A companion bill, SB1827, ensures an individual taxpayer’s taxable income will not be subject to an overall marginal tax rate of more than 4.5 percent when a tax surcharge from Prop 208 (Invest In Ed) is considered.  Meanwhile, SB1783 allows certain small business owners to pay an alternative small business tax.

The legislation is slated to take effect 90 days after the governor affixed his signature. That 90-day window provides time for challengers to initiate a petition signing drive to take the matter out of lawmakers’ hands and put it before voters across the state via a referendum.

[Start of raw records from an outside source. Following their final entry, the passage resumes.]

text \<open>Candidate time derivatives at time \<open>t\<close>: \<open>A n\<close> is the logarithmic derivative of \<open>P n\<close>
  demanded by the conservation law, and \<open>g'\<close>, \<open>h'\<close> are the derivatives of \<open>g\<close>, \<open>h\<close> predicted by
  the equations of motion.\<close>
definition A :: "int \<Rightarrow> complex fps"
  where "A n = fps_const \<i> * (b n - b (n-1)) - fps_const (v' n t / v n t)"
definition P' :: "int \<Rightarrow> complex fps" where "P' n = P n t * A n"
definition g' :: "int \<Rightarrow> 'm \<Rightarrow> complex fps"
  where "g' n k = fps_const (\<i> * v (n+1) t) * (P (n+1) t * Pinv n * (g (n+1) k - fps_const (\<i>/2 * Sb n t $ k)))
   + fps_X * fps_const (1/2 * v n t * v (n+1) t * Sb (n-1) t $ k) * P (n+1) t
   - fps_const (\<i> * c) * g n k + fps_X * fps_const (\<i> * v n t * v (n+1) t) * P (n+1) t * g n k"
definition h' :: "int \<Rightarrow> 'm \<Rightarrow> complex fps"
  where "h' n k = - fps_const (\<i> * v (n+1) t) * (P (n+1) t * Pinv n * (h (n+1) k - fps_const (\<i>/2 * S n t $ k)))
   + fps_X * fps_const (1/2 * v n t * v (n+1) t * S (n-1) t $ k) * P (n+1) t
   + fps_const (\<i> * c) * h n k + fps_X * fps_const (\<i> * v n t * v (n+1) t) * P (n+1) t * h n k"
definition G' :: "int \<Rightarrow> 'm \<Rightarrow> complex fps" where "G' n k = P' n * g n k + P n t * g' n k"
definition H' :: "int \<Rightarrow> 'm \<Rightarrow> complex fps" where "H' n k = P' n * h n k + P n t * h' n k"
definition b' :: "int \<Rightarrow> complex fps"
  where "b' n = (\<Sum>k\<in>UNIV. fps_const (S' n t $ k) * g n k + fps_const (S n t $ k) * g' n k
     + h' n k * fps_const (Sb n t $ k) + h n k * fps_const (Sb' n t $ k))"

definition sigma :: "int \<Rightarrow> complex fls"
  where "sigma n = (\<Sum>k\<in>UNIV. fls_const (S (n+1) t $ k) * fls_const (Sb n t $ k)
     + fls_const (S n t $ k) * fls_const (Sb (n+1) t $ k))"
definition cross_succ :: "int \<Rightarrow> complex fls"
  where "cross_succ n = (\<Sum>k\<in>UNIV. fls_const (S (n+1) t $ k) * fps_to_fls (g n k)
     - fps_to_fls (h n k) * fls_const (Sb (n+1) t $ k))"
definition cross_pred :: "int \<Rightarrow> complex fls"
  where "cross_pred n = (\<Sum>k\<in>UNIV. fls_const (S (n-1) t $ k) * fps_to_fls (g n k)
     - fps_to_fls (h n k) * fls_const (Sb (n-1) t $ k))"

text \<open>The candidates are naturally expressed through \<open>\<lambda> = fls_X_inv\<close>, so the verification is
  carried out in Laurent series; \<open>fps_to_fls\<close> is injective.\<close>
lemma fls_P_mult_Pinv: "fps_to_fls (P n t) * fps_to_fls (Pinv n) = 1"
  using arg_cong[OF P_mult_Pinv[of n], of fps_to_fls] by (simp only: fls_normalize fps_to_fls_eq_1_iff)

lemma fls_Pinv: "fps_to_fls (Pinv n)
    = 1 - fls_X * (fls_X * (fls_const (v n t) * fls_const (v (n+1) t) * fps_to_fls (P (n+1) t))) - fls_X * fps_to_fls (b n)"
  by (subst Pinv_eq[of n]) (simp only: fls_normalize)

lemma fls_g: "fps_to_fls (g n k) = - fls_const \<i> * fls_const (inverse 2) * fls_const (Sb (n+1) t $ k)
    + fls_X * (fls_const (v (n+1) t) * (fps_to_fls (P (n+1) t) * fps_to_fls (g (n+1) k)))
    - fls_X * (fls_const \<i> * fls_const (inverse 2) * fls_const (v (n+1) t) * fls_const (Sb n t $ k) * fps_to_fls (P (n+1) t))"
  by (subst g_eq[of n k]) (simp only: fls_normalize)

lemma fls_h: "fps_to_fls (h n k) = - fls_const \<i> * fls_const (inverse 2) * fls_const (S (n+1) t $ k)
    - fls_X * (fls_const (v (n+1) t) * (fps_to_fls (P (n+1) t) * fps_to_fls (h (n+1) k)))
    + fls_X * (fls_const \<i> * fls_const (inverse 2) * fls_const (v (n+1) t) * fls_const (S n t $ k) * fps_to_fls (P (n+1) t))"
  by (subst h_eq[of n k]) (simp only: fls_normalize)

lemma fls_g': "fps_to_fls (g' n k) = - fls_const (inverse 2) * fls_X_inv * fps_to_fls (Pinv n) * fls_const (Sb (n+1) t $ k)
   + fls_const (inverse 2) * (fls_X * fls_const (v n t) * fls_const (v (n+1) t) * fps_to_fls (P (n+1) t)) * fls_const (Sb (n-1) t $ k)
   + (fls_const \<i> * (fls_X_inv - fps_to_fls (b n)) - fls_const \<i> * fls_const c) * fps_to_fls (g n k)"
  unfolding g'_def
  using fls_g[of n k] fls_Pinv[of n] fls_P_mult_Pinv[of n] fls_unit_relations
  by (simp only: fls_normalize) algebra

lemma fls_h': "fps_to_fls (h' n k) = - fls_const (inverse 2) * fls_X_inv * fps_to_fls (Pinv n) * fls_const (S (n+1) t $ k)
   + fls_const (inverse 2) * (fls_X * fls_const (v n t) * fls_const (v (n+1) t) * fps_to_fls (P (n+1) t)) * fls_const (S (n-1) t $ k)
   + (fls_const \<i> * (fls_X_inv - fps_to_fls (b n)) + fls_const \<i> * fls_const c) * fps_to_fls (h n k)"
  unfolding h'_def
  using fls_h[of n k] fls_Pinv[of n] fls_P_mult_Pinv[of n] fls_unit_relations
  by (simp only: fls_normalize) algebra

lemma fls_const_S'_nth: "fls_const (S' n t $ k)
    = - fls_const \<i> * (fls_const (v n t) * (fls_const (S (n+1) t $ k) + fls_const (S (n-1) t $ k))
        - fls_const c * fls_const (S n t $ k))"
proof -
  have "S' n t $ k = - \<i> * (\<i> * S' n t $ k)"
    by (simp add: mult.assoc[symmetric])
  also have "\<i> * S' n t $ k = v n t * (S (n+1) t $ k + S (n-1) t $ k) - c * S n t $ k"
    using arg_cong[OF eqS[of n t], of "\<lambda>x. x $ k"] by (simp add: algebra_simps)
  finally show ?thesis by (simp only: fls_normalize)
qed

lemma fls_const_Sb'_nth: "fls_const (Sb' n t $ k)
    = - fls_const \<i> * (- (fls_const (v n t) * (fls_const (Sb (n+1) t $ k) + fls_const (Sb (n-1) t $ k)))
        + fls_const c * fls_const (Sb n t $ k))"
proof -
  have "Sb' n t $ k = - \<i> * (\<i> * Sb' n t $ k)"
    by (simp add: mult.assoc[symmetric])
  also have "\<i> * Sb' n t $ k = - (v n t * (Sb (n+1) t $ k + Sb (n-1) t $ k)) + c * Sb n t $ k"
    using arg_cong[OF eqSb[of n t], of "\<lambda>x. x $ k"] by (simp add: algebra_simps)
  finally show ?thesis by (simp only: fls_normalize)
qed

lemma fls_const_v': "fls_const (v' n t) = fls_const (inverse 2) * fls_const (v n t) * (sigma n - sigma (n-1))"
  by (subst eqv) (simp only: fls_normalize bip_def fls_const_sum sigma_def diff_add_cancel sum.distrib, algebra)

lemma fls_const_v_mult_inverse: "fls_const (v n t) * fls_const (inverse (v n t)) = 1"
  using vnz[of n t] by simp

Getting a matter onto a ballot as a referendum requires valid petition signatures to be submitted to Arizona Secretary of State Katie Hobbs equal to five percent of the total votes cast in the last gubernatorial election. If that happens, then the new laws would remain on hold until voters have their say in a statewide election.

And that, according to AFEC, Mussi, and Schafer, should not be allowed to happen with SB1783, 1827, and 1828 because each deals directly with the generation of state revenue for funding Arizona’s state government and state institutions.  Their lawsuit asks a Maricopa County judge to bar Hobbs from accepting petition signatures for any of the three bills.

“The filing of petitions in support of the Proposed Referenda will injure the Plaintiffs and all Arizona taxpayers by unconstitutionally delaying the effective date of non- referrable laws duly enacted by the elected Legislature and approved by the Governor,” the lawsuit states.

The plaintiffs are represented by Thomas Basile of the Statecraft Law Firm. Basile says his clients are not against voter referendums in general and only initiated this legal action to ensure the Arizona Constitution is followed by Hobbs’ office.

“At the core of our case is that while the right of referendum is broad, it is not unlimited,” he told AZ Free News on Thursday. “The framers of our Constitution carved out certain categories exempt to referendum, such as in the case of tax reform and appropriations.”

Hobbs is named as a defendant in her official capacity as the state officer responsible for accepting or rejecting referendum petition sheets. Invest in Arizona is also named as a real party in interest.